After that, the pace picked up. Less than ten years after Avery’s paper, the brash British scientist Francis Crick and his even brasher American colleague James Watson announced that they had solved the riddle of the structure of DNA. Their famous double helix model relied heavily on data generated by Rosalind Franklin, who worked in a department at King’s College London headed by Maurice Wilkins. The Nobel Prize followed quickly on this occasion, and was awarded to the three men in 1962. Rosalind Franklin had died from ovarian cancer at the heart-breakingly early age of 37 in 1958 and the Nobel Prize is never awarded posthumously.
The first break in the genetic wall
In 1973, twenty years after the famous Watson-Crick DNA structure was published, two scientists who had each started out as small-town boys collaborated on a set of now legendary experiments. Stanley Cohen was born in Perth Amboy in New Jersey, and was encouraged by his father to develop a love of learning.1 Herbert Boyer was born
a year later in the Pennsylvania town of Derry, into a family with little knowledge or interest in science.2 Both found themselves drawn into the world of genetic research, and by the 1970s were working in prestigious Californian institutes, Cohen at Stanford University and Boyer at the University of California, San Francisco (UCSF).

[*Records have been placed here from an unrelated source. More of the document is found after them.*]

lemma first_eps_solution_counts:
  assumes "0 < \<epsilon>" "\<epsilon> \<le> \<Delta> 0"
  defines "K \<equiv> LEAST k. \<Delta> k \<le> \<epsilon>"
  shows "\<Delta> K \<le> \<epsilon>" "\<forall>j<K. \<epsilon> < \<Delta> j"
    and "real (n_desc K) \<le> real_of_int \<lceil>2 * ln (\<Delta> 0 / \<epsilon>) / \<beta>\<rceil>"
    and "real (n_null K) \<le> null_coeff / ((1 - contraction\<^sup>2) * \<epsilon>\<^sup>2)"
proof -
  show K: "\<Delta> K \<le> \<epsilon>"
    unfolding K_def using eventually_within_eps[OF assms(1)] by (rule LeastI_ex)
  show before: "\<forall>j<K. \<epsilon> < \<Delta> j"
    unfolding K_def using not_less_Least by force
  have "real (n_desc K) \<le> real_of_int \<lceil>2 * ln (\<Delta> 0 / \<epsilon>) / \<beta>\<rceil>
      \<and> real (n_null K) \<le> null_coeff / ((1 - contraction\<^sup>2) * \<epsilon>\<^sup>2)"
  proof (cases K)
    case 0
    have "0 \<le> 2 * ln (\<Delta> 0 / \<epsilon>) / \<beta>" using assms(1,2) beta by simp
    moreover have "0 \<le> null_coeff / ((1 - contraction\<^sup>2) * \<epsilon>\<^sup>2)"
      using null_coeff_nonneg one_minus_contraction_sq_bounds by simp
    ultimately show ?thesis using 0 by (simp add: n_desc_def n_null_def)
  next
    case (Suc m)
    then have above: "\<forall>j\<le>m. \<epsilon> < \<Delta> j" using before by simp
    \<comment> \<open>A null step keeps the center, so the step that reaches accuracy \<open>\<epsilon>\<close> is a descent step.\<close>
    have "descent m"
      using null_step_keeps_center(1)[of m] above K Suc assms(1) by fastforce
    have "int (n_desc m) < \<lceil>2 * ln (\<Delta> 0 / \<epsilon>) / \<beta>\<rceil>"
      using counts_while_above(1)[OF assms(1) above] by (simp add: less_ceiling_iff)
    then show ?thesis
      using counts_while_above(2)[OF assms(1) above] Suc \<open>descent m\<close>
      by (simp add: n_desc_Suc n_null_Suc)
  qed
  then show "real (n_desc K) \<le> real_of_int \<lceil>2 * ln (\<Delta> 0 / \<epsilon>) / \<beta>\<rceil>"
    and "real (n_null K) \<le> null_coeff / ((1 - contraction\<^sup>2) * \<epsilon>\<^sup>2)" by auto
qed

end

The amazing achievement of Cohen and Boyer was that they developed ways of moving genetic material from one organism to another. They were able to select the genetic material they wanted to move and transfer it in a way that meant it still did its job in its new host. Their initial experiments transferred DNA from one species of bacteria to another. Their next breakthrough was even more spectacular. They were able to move DNA from a bacterium into the cells of a frog, and to show that the DNA was able to function in its new home.

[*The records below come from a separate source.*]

text \<open>The summand of the Racah sum in sixj at t = m + s, where m is its smallest lower limit,
  divided by the common factor (-1)^m (m+1)! / (k! p! q! r! u! v!).\<close>
definition reduced_racah_term :: "nat \<Rightarrow> real \<Rightarrow> real \<Rightarrow> real \<Rightarrow> real \<Rightarrow> real \<Rightarrow> real \<Rightarrow> nat \<Rightarrow> real" where
  "reduced_racah_term k A P Q R U V s = (-1) ^ s * real (k choose s) * pochhammer (A + 2) s
     * falling_fact Q (k - s) * falling_fact R (k - s) * falling_fact U s * falling_fact V s
     / pochhammer (P + 1) s"

definition reduced_racah_sum :: "nat \<Rightarrow> real \<Rightarrow> real \<Rightarrow> real \<Rightarrow> real \<Rightarrow> real \<Rightarrow> real \<Rightarrow> real" where
  "reduced_racah_sum k A P Q R U V = (\<Sum>s\<le>k. reduced_racah_term k A P Q R U V s)"

lemma racah_summand_eq_reduced_racah_term:
  fixes m p q r u v k s :: nat
  assumes "s \<le> k" "k \<le> q + s" "k \<le> r + s" "s \<le> u" "s \<le> v"
  shows "(-1::real) ^ (m + s) * fact (m + s + 1) / (fact s * fact (p + s) * fact (q + s - k)
          * fact (r + s - k) * fact (u - s) * fact (k - s) * fact (v - s))
    = (-1) ^ m * fact (m + 1) / (fact k * fact p * fact q * fact r * fact u * fact v)
       * reduced_racah_term k (real m) (real p) (real q) (real r) (real u) (real v) s"
proof -
  have fm: "(fact (m + s + 1) :: real) = fact (m + 1) * pochhammer (real m + 2) s"
    using fact_add_eq_fact_mult_pochhammer[of "m + 1" s] by (simp add: add.commute add.left_commute)
  have fp: "(fact (p + s) :: real) = fact p * pochhammer (real p + 1) s"
    by (rule fact_add_eq_fact_mult_pochhammer)
  have fq: "(fact q :: real) = fact (q + s - k) * falling_fact (real q) (k - s)"
    and fr: "(fact r :: real) = fact (r + s - k) * falling_fact (real r) (k - s)"
    and fu: "(fact u :: real) = fact (u - s) * falling_fact (real u) s"
    and fv: "(fact v :: real) = fact (v - s) * falling_fact (real v) s"
    using fact_eq_fact_diff_mult_falling_fact[of "k - s" q] fact_eq_fact_diff_mult_falling_fact[of "k - s" r]
      fact_eq_fact_diff_mult_falling_fact[of s u] fact_eq_fact_diff_mult_falling_fact[of s v] assms
    by (simp_all add: add.commute)
  have fk: "(fact k :: real) = real (k choose s) * fact s * fact (k - s)"
    using binomial_fact[of s k, where 'a=real] assms by simp
  have "falling_fact (real q) (k - s) \<noteq> 0" "falling_fact (real r) (k - s) \<noteq> 0"
    "falling_fact (real u) s \<noteq> 0" "falling_fact (real v) s \<noteq> 0" "real (k choose s) \<noteq> 0"
    "pochhammer (real p + 1) s \<noteq> 0"
    using fq fr fu fv assms by (auto simp: pochhammer_eq_0_iff)
  then show ?thesis
    unfolding reduced_racah_term_def fm fp fq fr fu fv fk by (simp add: field_simps power_add)
qed

lemma racah_sum_eq_reduced_racah_sum:
  fixes m ma mb mc na nb nc p q r u v k :: nat
  assumes "ma + p = m" "mb + q = m + k" "mc + r = m + k" "na = m + u" "nb = m + k" "nc = m + v"
  shows "(\<Sum>t \<in> {max (max m ma) (max mb mc) .. min na (min nb nc)}. (-1::real) ^ t * fact (t + 1) /
             (fact (t - m) * fact (t - ma) * fact (t - mb) * fact (t - mc) *
              fact (na - t) * fact (nb - t) * fact (nc - t)))
   = (-1) ^ m * fact (m + 1) / (fact k * fact p * fact q * fact r * fact u * fact v)
      * reduced_racah_sum k (real m) (real p) (real q) (real r) (real u) (real v)"
  (is "sum ?F ?I = ?K * _")
proof -
  let ?G = "reduced_racah_term k (real m) (real p) (real q) (real r) (real u) (real v)"
  have "?I \<subseteq> {m..m + k}" using assms by auto
  then have "sum ?F ?I = sum ?F ({m..m + k} \<inter> ?I)"
    by (simp only: Int_absorb1)
  also have "\<dots> = (\<Sum>t\<in>{m..m + k}. if t \<in> ?I then ?F t else 0)"
    by (rule sum.inter_restrict) simp
  also have "\<dots> = (\<Sum>s\<le>k. if s + m \<in> ?I then ?F (s + m) else 0)"
    using sum.shift_bounds_cl_nat_ivl[of "\<lambda>t. if t \<in> ?I then ?F t else 0" 0 m k]
    by (simp add: add.commute atMost_atLeast0)
  also have "\<dots> = (\<Sum>s\<le>k. ?K * ?G s)"
  proof (rule sum.cong[OF refl])
    fix s assume "s \<in> {..k}"
    then have s: "s \<le> k" by simp
    show "(if s + m \<in> ?I then ?F (s + m) else 0) = ?K * ?G s"
    proof (cases "k \<le> q + s \<and> k \<le> r + s \<and> s \<le> u \<and> s \<le> v")
      case True
      then have "s + m \<in> ?I" using assms s by auto
      moreover have "m + s - ma = p + s" "m + s - mb = q + s - k" "m + s - mc = r + s - k"
        "na - (m + s) = u - s" "nb - (m + s) = k - s" "nc - (m + s) = v - s"
        using assms True s by auto
      ultimately show ?thesis
        using racah_summand_eq_reduced_racah_term[of s k q r u v m p] True s
        by (simp add: add.commute[of s m])
    next
      case False
      then have "s + m \<notin> ?I" using assms s by auto
      moreover have "?G s = 0"
        using False s unfolding reduced_racah_term_def by (auto simp: falling_fact_of_nat_eq_0)
      ultimately show ?thesis by simp
    qed
  qed
  finally show ?thesis by (simp add: reduced_racah_sum_def sum_distrib_left)
qed

lemma sixj_eq_0_iff_reduced_racah_sum:
  fixes h c d a b :: real and m ma mb mc na nb nc p q r u v k :: nat
  assumes tri: "triangle h c c" "triangle h a b" "triangle d c b" "triangle d a c"
    and idx: "h + c + c = real m" "h + a + b = real ma" "d + c + b = real mb" "d + a + c = real mc"
      "h + c + d + a = real na" "c + c + a + b = real nb" "c + h + b + d = real nc"
    and shifts: "ma + p = m" "mb + q = m + k" "mc + r = m + k" "na = m + u" "nb = m + k" "nc = m + v"
  shows "sixj h c c d a b = 0 \<longleftrightarrow>
    reduced_racah_sum k (real m) (real p) (real q) (real r) (real u) (real v) = 0"
proof -
  have "sixj h c c d a b = tri_coeff h c c * tri_coeff h a b * tri_coeff d c b * tri_coeff d a c *
      ((-1) ^ m * fact (m + 1) / (fact k * fact p * fact q * fact r * fact u * fact v)
       * reduced_racah_sum k (real m) (real p) (real q) (real r) (real u) (real v))"
    unfolding sixj_def Let_def
    by (simp only: tri idx floor_of_nat nat_int simp_thms if_True racah_sum_eq_reduced_racah_sum[OF shifts])
  moreover have "tri_coeff h c c * tri_coeff h a b * tri_coeff d c b * tri_coeff d a c \<noteq> 0"
    using tri_coeff_pos by (metis mult_eq_0_iff order_less_irrefl)
  ultimately show ?thesis by simp
qed

lemma racah_parameters:
  fixes a b c d :: real
  assumes tri: "triangle (a + b) c c" "triangle d c b" "triangle d a c" and c: "2 * c \<in> \<int>"
  obtains P Q R U V :: nat
  where "real P = 2 * c - a - b" "real Q = a + c - d" "real R = b + c - d"
    "real U = a + d - c" "real V = b + d - c"
proof -
  have nat: "\<exists>n. real n = x" if "x \<in> \<int>" "0 \<le> x" for x :: real
  proof -
    have "x \<in> \<nat>" using that by (simp add: Nats_altdef2)
    then show ?thesis by (metis Nats_cases)
  qed
  have abc: "a + b + 2 * c \<in> \<int>" and dcb: "d + c + b \<in> \<int>" and dac: "d + a + c \<in> \<int>"
    using tri unfolding triangle_def by (simp_all add: add.assoc)
  have "2 * d = (d + c + b) + (d + a + c) - (a + b + 2 * c)" by simp
  then have d: "2 * d \<in> \<int>" using abc dcb dac by (metis Ints_diff Ints_add)
  have "2 * c - a - b = 2 * (2 * c) - (a + b + 2 * c)" "a + c - d = (d + a + c) - 2 * d"
    "b + c - d = (d + c + b) - 2 * d" "a + d - c = (d + a + c) - 2 * c" "b + d - c = (d + c + b) - 2 * c"
    by simp_all
  then have "2 * c - a - b \<in> \<int>" "a + c - d \<in> \<int>" "b + c - d \<in> \<int>" "a + d - c \<in> \<int>" "b + d - c \<in> \<int>"
    using abc dcb dac c d by (metis Ints_diff Ints_mult Ints_numeral)+
  moreover have "0 \<le> 2 * c - a - b" "0 \<le> a + c - d" "0 \<le> b + c - d" "0 \<le> a + d - c" "0 \<le> b + d - c"
    using tri unfolding triangle_def by (auto simp: abs_le_iff)
  ultimately show ?thesis using that nat by metis
qed

lemma sixj_stretched_minus_eq_0_iff:
  fixes a b c d :: real and P Q R U V k :: nat
  assumes tri: "triangle (a + b - k) c c" "triangle (a + b - k) a b" "triangle d c b" "triangle d a c"
    and par: "real P = 2 * c - a - b" "real Q = a + c - d" "real R = b + c - d"
      "real U = a + d - c" "real V = b + d - c"
  shows "sixj (a + b - k) c c d a b = 0 \<longleftrightarrow>
    reduced_racah_sum k (real P + real Q + real R + real U + real V - k) P Q R U V = 0"
proof -
  define n where "n = P + Q + R + U + V"
  have "real k \<le> a + b" using tri(1) unfolding triangle_def by simp
  then have k: "k \<le> Q + R + U + V" "k \<le> n" using par unfolding n_def by (simp_all flip: of_nat_le_iff)
  then have "sixj (a + b - k) c c d a b = 0 \<longleftrightarrow>
      reduced_racah_sum k (real (n - k)) (real P) (real Q) (real R) (real U) (real V) = 0"
    using par unfolding n_def
    by (intro sixj_eq_0_iff_reduced_racah_sum[OF tri,
        where ma="Q + R + U + V - k" and mb="P + R + U + V" and mc="P + Q + U + V"
        and na="n - k + U" and nb=n and nc="n - k + V"]) (simp_all add: n_def of_nat_diff)
  then show ?thesis using k(2) unfolding n_def by (simp add: of_nat_diff)
qed

lemma reduced_racah_sum_1_eq_0_iff:
  assumes "0 \<le> P" "Q = U + D" "R = V + D" "U + V + D \<noteq> 0"
  shows "reduced_racah_sum 1 (P + Q + R + U + V - 1) P Q R U V = 0 \<longleftrightarrow> D * (P + 1) = 2 * U * V"
proof -
  have "(P + 1) * reduced_racah_sum 1 (P + Q + R + U + V - 1) P Q R U V
      = (U + V + D) * (D * (P + 1) - 2 * U * V)"
    using assms(1-3) by (simp add: reduced_racah_sum_def reduced_racah_term_def field_simps)
  then show ?thesis using assms(1,4) by (auto simp: add_nonneg_eq_0_iff)
qed

text \<open>The two factorisations below were found by computer algebra; each is a polynomial identity
  modulo the relation D (P + 1) = 2 U V once the denominators are cleared.\<close>

lemma reduced_racah_sum_2_closed_form:
  assumes "0 \<le> P" "Q = U + D" "R = V + D" "D * (P + 1) = 2 * U * V"
  shows "(P + 2) * reduced_racah_sum 2 (P + Q + R + U + V - 2) P Q R U V
    = - Q * R * (2 * P + 2 * U + 2 * V + D + 2) * (U + V + D - 1)"
proof -
  define A where "A = P + Q + R + U + V - 2"
  have sum: "reduced_racah_sum 2 A P Q R U V = Q*(Q-1)*R*(R-1) - 2*(A+2)*Q*R*U*V/(P+1)
      + (A+2)*(A+3)*U*(U-1)*V*(V-1)/((P+1)*(P+2))"
    using assms(1)
    by (simp add: reduced_racah_sum_def reduced_racah_term_def numeral_2_eq_2 pochhammer_Suc)
      (simp add: field_simps)
  have "(P + 1) * ((P + 2) * reduced_racah_sum 2 A P Q R U V)
      = (P+1)*(P+2)*Q*(Q-1)*R*(R-1) - 2*(P+2)*(A+2)*Q*R*U*V + (A+2)*(A+3)*U*(U-1)*V*(V-1)"
    unfolding sum using assms(1) by (simp add: divide_simps) algebra
  also have "\<dots> = (P + 1) * (- Q * R * (2 * P + 2 * U + 2 * V + D + 2) * (U + V + D - 1))"
    unfolding A_def using assms(2-) by algebra
  finally show ?thesis using assms(1) unfolding A_def by (simp only: mult_cancel_left) simp
qed

lemma reduced_racah_sum_3_closed_form:
  assumes "0 \<le> P" "Q = U + D" "R = V + D" "D * (P + 1) = 2 * U * V"
  shows "(P + 2) * (P + 3) * reduced_racah_sum 3 (P + Q + R + U + V - 3) P Q R U V
    = - 2 * Q * R * (2 * P + 2 * U + 2 * V + D + 2) * (U + V + D - 1) * (U + V + D - 2)
        * (2 * U + 2 * V + 2 * D - 3)"
proof -
  define A where "A = P + Q + R + U + V - 3"
  have sum: "reduced_racah_sum 3 A P Q R U V = Q*(Q-1)*(Q-2)*R*(R-1)*(R-2)
      - 3*(A+2)*Q*(Q-1)*R*(R-1)*U*V/(P+1)
      + 3*(A+2)*(A+3)*Q*R*U*(U-1)*V*(V-1)/((P+1)*(P+2))
      - (A+2)*(A+3)*(A+4)*U*(U-1)*(U-2)*V*(V-1)*(V-2)/((P+1)*(P+2)*(P+3))"
    using assms(1)
    by (simp add: reduced_racah_sum_def reduced_racah_term_def numeral_3_eq_3 pochhammer_Suc)
      (simp add: field_simps)
  have "(P + 1) * ((P + 2) * (P + 3) * reduced_racah_sum 3 A P Q R U V)
      = Q*(Q-1)*(Q-2)*R*(R-1)*(R-2)*(P+1)*(P+2)*(P+3)
      - 3*(A+2)*Q*(Q-1)*R*(R-1)*U*V*(P+2)*(P+3)
      + 3*(A+2)*(A+3)*Q*R*U*(U-1)*V*(V-1)*(P+3)
      - (A+2)*(A+3)*(A+4)*U*(U-1)*(U-2)*V*(V-1)*(V-2)"
    unfolding sum using assms(1) by (simp add: divide_simps) algebra
  also have "\<dots> = (P + 1) * (- 2 * Q * R * (2 * P + 2 * U + 2 * V + D + 2) * (U + V + D - 1)
      * (U + V + D - 2) * (2 * U + 2 * V + 2 * D - 3))"
    unfolding A_def using assms(2-) by algebra
  finally show ?thesis using assms(1) unfolding A_def by (simp only: mult_cancel_left) simp
qed

lemma reduced_racah_sum_2_3_neq_0:
  assumes "0 \<le> P" "0 < U" "0 < V" "Q = U + D" "R = V + D" "D * (P + 1) = 2 * U * V"
    and "3 \<le> U + V + D"
  shows "reduced_racah_sum 2 (P + Q + R + U + V - 2) P Q R U V \<noteq> 0"
    and "reduced_racah_sum 3 (P + Q + R + U + V - 3) P Q R U V \<noteq> 0"
proof -
  have "0 < D * (P + 1)" using assms(2,3,6) by simp
  then have "0 < D" using assms(1) by (simp add: zero_less_mult_iff)
  then have pos: "0 < Q" "0 < R" "0 < 2 * P + 2 * U + 2 * V + D + 2" using assms(1-5) by auto
  have "(P + 2) * reduced_racah_sum 2 (P + Q + R + U + V - 2) P Q R U V \<noteq> 0"
    unfolding reduced_racah_sum_2_closed_form[OF assms(1,4-6)] using pos assms(7) by simp
  then show "reduced_racah_sum 2 (P + Q + R + U + V - 2) P Q R U V \<noteq> 0" by simp
  have "(P + 2) * (P + 3) * reduced_racah_sum 3 (P + Q + R + U + V - 3) P Q R U V \<noteq> 0"
    unfolding reduced_racah_sum_3_closed_form[OF assms(1,4-6)] using pos assms(7) by simp
  then show "reduced_racah_sum 3 (P + Q + R + U + V - 3) P Q R U V \<noteq> 0" by simp
qed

Cohen and Boyer had done nothing less than break down the barriers that have separated individuals and species for millennia. The implications were tremendous. From 1973 onwards, no organism could be considered inherently genetically inviolate. Scientists now had the ability to tinker directly with the most fundamental basis of every organism on the planet – its DNA. Genetic engineering had arrived.
Most of us are familiar with the trope of game-changers who are not appreciated in their lifetimes. They achieve no recognition, and maybe even die penniless. Vincent van Gogh is perhaps the perfect exemplar of this but there are plenty of others, such as Mozart or Edgar Allan Poe. And as we’ve already seen in the examples of Mendel and Franklin, science isn’t immune to this phenomenon.
Absolutely nothing like this happened to Cohen and Boyer. Fame and fortune very definitely followed them. True, they didn’t win a Nobel Prize,* but they have won just about every other major scientific award. Their two employers worked together to protect Cohen and Boyer’s work by patenting their findings, a decision that resulted in UCSF and Stanford making hundreds of millions of dollars. The inventors usually receive a share of the income. As if that wasn’t impressive enough, Herbert Boyer went on to found Genentech, one of the most successful biotechnology companies ever created, and one which has produced life-changing and life-saving drugs.